I composed sketches for the work whilst on holiday in Bernaray and North Uist with my wife Jacqui in 2017. As can be seen in the film we were staying in a blackhouse on the edges of the Bays loch which provided inspiration and peace to compose.

One of the most striking features of a holiday in the Outer Hebrides is the quickly changing skies, colours and weather. I wanted to write a piece which featured the intertwining of musical textures which increase in complexity before ebbing away to a final drone.
I was inspired by a page in a book about the Scottish tweed industry. It is interesting that the colours in a particular tweed closely resemble the colours of the local landscape. The photo isn’t good but it makes the point. The colours of water, rocks, seaweed, grasses of the landscape are woven into the tweed.

There are 3 main layers in ‘Shades of Blue-Green’ representing fast movement (wind across water and grasses and quickly changing sky colours), a slower movement of light across mountains and hills, and an ever-present song of the Gaelic community as represented by the solo ‘cello. The slower evolving light I have chosen to be represented by a drone created by recording a ‘cello with a transducer microphone.
These elements intertwine throughout, and in the final part of the piece the song becomes actual quoting from ‘Tha Bo Dhubh Agam’ (‘Yesterday’) which is a traditional North Uist song. This is initially heard within the texture gradually becoming revealed as the musical lines diminish to a final drone.
Although the central chamber has collapsed and it is not permitted to enter I was able to record a stone sound at the entrance which can be heard in the piece.
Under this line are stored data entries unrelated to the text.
lemma excess_eq_gap_sum:
  assumes "is_partition xs"
  shows "excess xs s = gap_sum (ones (maya xs)) s"
proof -
  define M where "M = length xs + nat s + 1"
  define A where "A = {b \<in> {1..M}. row_edge xs b \<le> s}"
  have "{h. h \<in> ones (maya xs) \<and> h \<le> s} = row_edge xs ` A"
  proof
    show "row_edge xs ` A \<subseteq> {h. h \<in> ones (maya xs) \<and> h \<le> s}"
      by (auto simp: A_def ones_maya[OF assms])
    show "{h. h \<in> ones (maya xs) \<and> h \<le> s} \<subseteq> row_edge xs ` A"
    proof
      fix h assume "h \<in> {h. h \<in> ones (maya xs) \<and> h \<le> s}"
      then obtain b where b: "1 \<le> b" "h = row_edge xs b" "h \<le> s"
        by (auto simp: ones_maya[OF assms])
      then have "b \<le> M" by (cases "length xs < b") (auto simp: M_def row_edge_beyond nat_le_iff)
      then show "h \<in> row_edge xs ` A" using b by (auto simp: A_def)
    qed
  qed
  moreover have "inj_on (row_edge xs) A"
    using inj_on_row_edge[OF assms] by (rule inj_on_subset) (auto simp: A_def)
  ultimately have "gap_sum (ones (maya xs)) s = (\<Sum>b\<in>A. s - row_edge xs b)"
    by (simp add: gap_sum_def sum.reindex)
  also have "\<dots> = (\<Sum>b = 1..M. if row_edge xs b \<le> s then s - row_edge xs b else 0)"
    unfolding A_def by (rule sum.inter_filter) simp
  also have "\<dots> = excess xs s"
    by (subst excess_eq_sum_upto[of xs s M]) (auto simp: M_def intro!: sum.cong)
  finally show ?thesis ..
qed

lemma gap_sum_shift: "gap_sum {j. j + k \<in> H} s = gap_sum H (s + k)"
proof -
  have "{h. h \<in> H \<and> h \<le> s + k} = (\<lambda>j. j + k) ` {j. j + k \<in> H \<and> j \<le> s}"
    by (auto simp: image_iff) (metis add_diff_cancel_right' diff_add_cancel diff_right_mono)
  then show ?thesis by (simp add: gap_sum_def sum.reindex inj_on_def)
qed

lemma partition_eq_if_maya_eq:
  assumes "is_partition xs" "is_partition ys" "maya xs = maya ys"
  shows "xs = ys"
proof (rule partition_eq_if_sum_list_take_eq[OF assms(1,2)])
  have "excess xs s = excess ys s" for s
    using assms by (simp add: excess_eq_gap_sum)
  then show "sum_list (take k xs) = sum_list (take k ys)" for k
    using partial_sum_le_if_excess_le[OF assms(1), of ys k]
      partial_sum_le_if_excess_le[OF assms(2), of xs k] by simp
qed

section \<open>Bounded Maya diagrams and charge\<close>

definition maya_bounded :: "(int \<Rightarrow> int) \<Rightarrow> int \<Rightarrow> bool" where
  "maya_bounded m N \<longleftrightarrow> 0 \<le> N \<and> (\<forall>j. m j = 1 \<or> m j = -1)
     \<and> (\<forall>j. j < -N \<longrightarrow> m j = -1) \<and> (\<forall>j. N \<le> j \<longrightarrow> m j = 1)"

lemma maya_bounded_mono: "maya_bounded m N \<Longrightarrow> N \<le> N' \<Longrightarrow> maya_bounded m N'"
  unfolding maya_bounded_def by auto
The piece is further characterised by static pauses which provide moments of repose. They represent large empty beaches, and on clear days views to the mountains and other islands beyond.
The stone percussion sounds (at times helping the ‘Cello timing) were recorded on beaches in the locale and one sound of particular significance was recorded at the entrance to the Bharpa Langass neolithic cairn on North Uist. This building, a communal tribal resting place of great ritual and ceremonial focus was thought to have been used continually for 1,000 years and is probably the oldest standing building in Northern Europe which for me gives the piece an added sense of timelessness and continuity.
A saying from South Uist:
‘Eat bread and weave grass, and then this year shall be as thou wast last year’
As Madeleine Bunting says in her excellent book ‘Love of Country’ (A Hebridean journey), Gaelic has a different sense of time, purpose and achievement. The ideal is to maintain an equilibrium.
The piece has emerged as a kind of ‘cello Idyll describing a picturesque and happy place. Sometimes the ‘cello is clearly a soloist but at other times blending with other textures. It is certainly not a show piece but written for an intermediate level performer. The piece can be performed with the film but hopefully would be similarly successful if performed with the prerecorded audio.